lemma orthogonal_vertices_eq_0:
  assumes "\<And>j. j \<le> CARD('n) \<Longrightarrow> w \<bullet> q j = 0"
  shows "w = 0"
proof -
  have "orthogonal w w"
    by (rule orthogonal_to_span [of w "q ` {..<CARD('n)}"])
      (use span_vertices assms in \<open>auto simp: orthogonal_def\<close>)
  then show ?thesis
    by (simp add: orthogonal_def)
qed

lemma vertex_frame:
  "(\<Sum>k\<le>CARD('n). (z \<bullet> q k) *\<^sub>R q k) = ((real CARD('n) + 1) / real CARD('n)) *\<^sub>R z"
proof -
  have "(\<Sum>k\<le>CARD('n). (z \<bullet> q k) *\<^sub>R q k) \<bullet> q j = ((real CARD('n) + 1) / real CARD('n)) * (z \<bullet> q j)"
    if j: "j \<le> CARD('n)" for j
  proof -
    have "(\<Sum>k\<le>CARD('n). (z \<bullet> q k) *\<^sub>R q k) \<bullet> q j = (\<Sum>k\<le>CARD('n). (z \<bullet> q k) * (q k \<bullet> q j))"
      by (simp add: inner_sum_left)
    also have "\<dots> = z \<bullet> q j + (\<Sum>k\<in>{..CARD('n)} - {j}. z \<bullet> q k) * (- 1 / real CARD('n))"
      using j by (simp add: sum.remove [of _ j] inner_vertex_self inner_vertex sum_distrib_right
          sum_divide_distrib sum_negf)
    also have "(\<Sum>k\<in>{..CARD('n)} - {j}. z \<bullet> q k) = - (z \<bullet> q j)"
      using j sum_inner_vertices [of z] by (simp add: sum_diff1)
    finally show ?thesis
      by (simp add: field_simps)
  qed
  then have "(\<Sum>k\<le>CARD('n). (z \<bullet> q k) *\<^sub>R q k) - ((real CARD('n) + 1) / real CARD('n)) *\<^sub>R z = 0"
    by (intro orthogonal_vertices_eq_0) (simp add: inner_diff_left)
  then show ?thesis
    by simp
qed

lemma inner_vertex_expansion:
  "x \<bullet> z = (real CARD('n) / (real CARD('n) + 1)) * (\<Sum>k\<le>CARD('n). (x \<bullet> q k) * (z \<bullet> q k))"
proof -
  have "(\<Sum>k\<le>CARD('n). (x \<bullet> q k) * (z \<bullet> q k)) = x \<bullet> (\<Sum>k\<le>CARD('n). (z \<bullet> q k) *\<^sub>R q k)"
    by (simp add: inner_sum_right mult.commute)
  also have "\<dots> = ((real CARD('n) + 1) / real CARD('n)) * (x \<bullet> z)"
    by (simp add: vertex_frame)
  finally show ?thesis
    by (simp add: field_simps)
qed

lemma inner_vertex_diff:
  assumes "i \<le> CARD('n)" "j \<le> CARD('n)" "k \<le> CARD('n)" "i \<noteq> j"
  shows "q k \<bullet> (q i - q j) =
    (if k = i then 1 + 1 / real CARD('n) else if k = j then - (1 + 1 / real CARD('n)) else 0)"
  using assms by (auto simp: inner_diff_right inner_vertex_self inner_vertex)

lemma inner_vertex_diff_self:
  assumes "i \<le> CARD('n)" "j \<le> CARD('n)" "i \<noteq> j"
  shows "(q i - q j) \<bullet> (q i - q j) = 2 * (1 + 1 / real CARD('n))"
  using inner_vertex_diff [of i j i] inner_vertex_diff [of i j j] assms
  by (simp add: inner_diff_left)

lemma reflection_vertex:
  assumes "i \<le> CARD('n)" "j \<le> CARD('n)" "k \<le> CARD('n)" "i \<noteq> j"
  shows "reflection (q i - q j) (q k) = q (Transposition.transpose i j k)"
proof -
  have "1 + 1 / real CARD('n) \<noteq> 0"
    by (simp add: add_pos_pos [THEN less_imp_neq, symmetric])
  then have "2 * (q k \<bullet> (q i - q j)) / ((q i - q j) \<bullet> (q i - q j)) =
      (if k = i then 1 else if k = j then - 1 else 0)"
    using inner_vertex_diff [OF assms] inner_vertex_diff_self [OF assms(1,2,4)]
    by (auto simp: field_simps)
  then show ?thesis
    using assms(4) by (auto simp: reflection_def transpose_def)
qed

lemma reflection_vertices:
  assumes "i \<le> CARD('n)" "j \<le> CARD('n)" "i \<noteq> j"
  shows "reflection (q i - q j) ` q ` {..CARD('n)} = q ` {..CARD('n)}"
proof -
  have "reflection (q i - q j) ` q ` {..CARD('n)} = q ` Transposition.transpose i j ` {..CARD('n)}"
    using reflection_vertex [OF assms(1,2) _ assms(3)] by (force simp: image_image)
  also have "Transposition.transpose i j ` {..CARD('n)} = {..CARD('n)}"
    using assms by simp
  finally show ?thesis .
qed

----------

__BRIEF__
Return only the lines between the one holding "sum_divide_distrib sum_negf)" and the one holding "(real CARD('n) /", inclusive, exactly as they appear above.

__SOLVED EXERCISE__
          sum_divide_distrib sum_negf)
    also have "(\<Sum>k\<in>{..CARD('n)} - {j}. z \<bullet> q k) = - (z \<bullet> q j)"
      using j sum_inner_vertices [of z] by (simp add: sum_diff1)
    finally show ?thesis
      by (simp add: field_simps)
  qed
  then have "(\<Sum>k\<le>CARD('n). (z \<bullet> q k) *\<^sub>R q k) - ((real CARD('n) + 1) / real CARD('n)) *\<^sub>R z = 0"
    by (intro orthogonal_vertices_eq_0) (simp add: inner_diff_left)
  then show ?thesis
    by simp
qed

lemma inner_vertex_expansion:
  "x \<bullet> z = (real CARD('n) / (real CARD('n) + 1)) * (\<Sum>k\<le>CARD('n). (x \<bullet> q k) * (z \<bullet> q k))"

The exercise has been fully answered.